Dotfiles for machines that I personally use.
- Use terminal or powershell to navigate to the home directory
- Use the following command to clone from this repo into the current directory
Note that if there is a conflict with the files, that will need to be addressed first before this command will go through
git init .; git remote add -t main -f origin git@github.com:aneuhold/dotfiles.git; git checkout main
- If on Linux / Mac run
./startup.sh
. If on Windows run.\startup.ps1
.
Things the startup script should do:
- Install everything needed to get to the point that the main node.js script can be ran with
npx
. The main node.js script will be multi-platform.

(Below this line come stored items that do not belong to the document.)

(* Let $n$ be odd and let $A$ be a latin square on the symbol set $\{0,\dots,n-1\}$ which is idempotent (the entry in row $x$, column $x$ is $x$) and commutative (the entry in row $x$, column $y$ equals the entry in row $y$, column $x$). Let $X=\{0,\dots,n-1\}\times\{0,1,2\}$ and let $S_{3n}$ be the Steiner latin square on $X$ associated with the Steiner triple system $S^1\cup S^2$, where $$S^1=\{\{(x,i),(y,i),(z,i+1 \bmod 3)\} : (x,y,z)\in A,\ x\ne y,\ i\in\{0,1,2\}\},\qquad S^2=\{\{(x,0),(x,1),(x,2)\}: x\in\{0,\dots,n-1\}\}.$$ For a transversal $T$ of $A$ define $T'\subseteq X^3$ as follows: for each $(a,b,c)\in T$ with $a\ne b$, put $((a,0),(b,0),(c,1)),\ ((a,1),(b,1),(c,2)),\ ((a,2),(b,2),(c,0))$ into $T'$; for each $(a,a,a)\in T$, put $((a,0),(a,1),(a,2)),\ ((a,1),(a,2),(a,0)),\ ((a,2),(a,0),(a,1))$ into $T'$. Then $T'$ is a transversal of $S_{3n}$, the map $T\mapsto T'$ is injective, and pairwise disjoint transversals of $A$ are mapped to pairwise disjoint transversals of $S_{3n}$.
   Context: A latin square of order $m$ on a symbol set $Y$ with $|Y|=m$ is identified with a set of ordered triples $(r,c,s)\in Y^3$ meaning symbol $s$ is in row $r$, column $c$, such that each row and each column contains each symbol exactly once. A transversal is a set of $m$ entries containing exactly one entry from each row and each column, with no symbol repeated. A Steiner triple system (STS) on a set $Y$ is a set of $3$-element subsets of $Y$ such that every $2$-element subset of $Y$ lies in exactly one of them; $S^1\cup S^2$ above is an STS on $X$ (Bose's construction). The Steiner latin square of an STS on $Y$ is the latin square consisting of the triples $(a,a,a)$ for all $a\in Y$ together with all six ordered triples $(x,y,z)$ obtained by ordering each triple $\{x,y,z\}$ of the STS. *)

theory Defs
  imports Main
begin

definition latin_square :: "'a set \<Rightarrow> ('a \<times> 'a \<times> 'a) set \<Rightarrow> bool" where
  "latin_square Y L \<longleftrightarrow> finite Y \<and> L \<subseteq> Y \<times> Y \<times> Y \<and>
     (\<forall>r\<in>Y. \<forall>c\<in>Y. \<exists>!s. (r, c, s) \<in> L) \<and>
     (\<forall>r\<in>Y. \<forall>s\<in>Y. \<exists>!c. (r, c, s) \<in> L) \<and>
     (\<forall>c\<in>Y. \<forall>s\<in>Y. \<exists>!r. (r, c, s) \<in> L)"

definition transversal :: "'a set \<Rightarrow> ('a \<times> 'a \<times> 'a) set \<Rightarrow> ('a \<times> 'a \<times> 'a) set \<Rightarrow> bool" where
  "transversal Y L T \<longleftrightarrow> T \<subseteq> L \<and> finite T \<and> card T = card Y \<and>
     (\<forall>r\<in>Y. \<exists>!e. e \<in> T \<and> fst e = r) \<and>
     (\<forall>c\<in>Y. \<exists>!e. e \<in> T \<and> fst (snd e) = c) \<and>
     inj_on (\<lambda>e. snd (snd e)) T"

definition steiner_triple_system :: "'a set \<Rightarrow> 'a set set \<Rightarrow> bool" where
  "steiner_triple_system Y S \<longleftrightarrow> (\<forall>B\<in>S. B \<subseteq> Y \<and> card B = 3) \<and>
     (\<forall>x\<in>Y. \<forall>y\<in>Y. x \<noteq> y \<longrightarrow> (\<exists>!B. B \<in> S \<and> {x, y} \<subseteq> B))"

definition steiner_latin_square :: "'a set \<Rightarrow> 'a set set \<Rightarrow> ('a \<times> 'a \<times> 'a) set" where
  "steiner_latin_square Y S =
     {(a, a, a) | a. a \<in> Y} \<union>
     {(x, y, z) | x y z. {x, y, z} \<in> S \<and> x \<noteq> y \<and> y \<noteq> z \<and> x \<noteq> z}"

definition bose_X :: "nat \<Rightarrow> (nat \<times> nat) set" where
  "bose_X n = {0..<n} \<times> {0..<3}"

definition bose_S1 :: "(nat \<times> nat \<times> nat) set \<Rightarrow> (nat \<times> nat) set set" where
  "bose_S1 A = {{(x, i), (y, i), (z, (i + 1) mod 3)} | x y z i.
                 (x, y, z) \<in> A \<and> x \<noteq> y \<and> i \<in> {0..<3}}"

definition bose_S2 :: "nat \<Rightarrow> (nat \<times> nat) set set" where
  "bose_S2 n = {{(x, 0), (x, 1), (x, 2)} | x. x \<in> {0..<n}}"

definition bose_S :: "nat \<Rightarrow> (nat \<times> nat \<times> nat) set \<Rightarrow> (nat \<times> nat) set set" where
  "bose_S n A = bose_S1 A \<union> bose_S2 n"

definition S3n :: "nat \<Rightarrow> (nat \<times> nat \<times> nat) set \<Rightarrow> ((nat \<times> nat) \<times> (nat \<times> nat) \<times> (nat \<times> nat)) set" where
  "S3n n A = steiner_latin_square (bose_X n) (bose_S n A)"

definition lift_transversal :: "(nat \<times> nat \<times> nat) set \<Rightarrow> ((nat \<times> nat) \<times> (nat \<times> nat) \<times> (nat \<times> nat)) set" where
  "lift_transversal T =
     {((a, 0), (b, 0), (c, 1)) | a b c. (a, b, c) \<in> T \<and> a \<noteq> b} \<union>
     {((a, 1), (b, 1), (c, 2)) | a b c. (a, b, c) \<in> T \<and> a \<noteq> b} \<union>
     {((a, 2), (b, 2), (c, 0)) | a b c. (a, b, c) \<in> T \<and> a \<noteq> b} \<union>
     {((a, 0), (a, 1), (a, 2)) | a. (a, a, a) \<in> T} \<union>
     {((a, 1), (a, 2), (a, 0)) | a. (a, a, a) \<in> T} \<union>
     {((a, 2), (a, 0), (a, 1)) | a. (a, a, a) \<in> T}"

end

theory Submission
  imports Defs
begin

text \<open>An entry \<open>(a, b, c)\<close> of \<open>T\<close> together with a level \<open>i \<in> \<int>/3\<close> lifts to the entry of \<open>S3n\<close>
  with row \<open>(a, i)\<close>, column \<open>(b, i + \<delta>)\<close> and symbol \<open>(c, i + \<delta> + 1)\<close>, where \<open>\<delta> = [a = b]\<close>;
  \<open>T'\<close> is exactly the set of these lifts. Since \<open>T\<close> meets every row, column and symbol
  exactly once and each coordinate of the lift is a rotation of the level, every coordinate map
  \<open>T \<times> \<int>/3 \<rightarrow> X\<close> is a bijection, so \<open>T'\<close> is a transversal. The lift of a single entry is
  injective, so distinct (disjoint) transversals have distinct (disjoint) lifts.\<close>

lemma bij_betw_add_mod:
  fixes m k :: nat
  assumes "0 < m"
  shows "bij_betw (\<lambda>i. (i + k) mod m) {0..<m} {0..<m}"
proof -
  obtain l where m: "m = Suc l" using assms gr0_implies_Suc by blast
  have "j + k + l * k = j + m * k" "j + l * k + k = j + m * k" for j
    by (simp_all add: m)
  then have full_turn: "(j + k + l * k) mod m = j mod m" "(j + l * k + k) mod m = j mod m" for j
    by (metis mod_mult_self2)+
  show ?thesis
  proof (rule bij_betw_byWitness[where f' = "\<lambda>j. (j + l * k) mod m"])
    show "\<forall>i\<in>{0..<m}. ((i + k) mod m + l * k) mod m = i"
      by (simp add: mod_add_left_eq full_turn)
    show "\<forall>j\<in>{0..<m}. ((j + l * k) mod m + k) mod m = j"
      by (simp add: mod_add_left_eq full_turn)
  qed (use assms in auto)
qed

Things the startup script shouldn't do:
- Install yarn
- Update global node or yarn packages
- Create directories unless absolutely needed to get to the above stated point
Something to think about is checking for updates on commands. Maybe before starting each command, you will need to have some kind of git command that checks the remote repo for any updates and if there are any, it pulls them down.
One thing to watch out for is if you can actually update node while node is running. Maybe that will work, but need to test first.
The "Node.js" entry in the personal Wiki has some good info on setting up shell commands with Node.js.
To test out the dotfiles repo, you should always be able to start a new sub-directory and use these commands. It shouldn't make a difference where the starting directory is.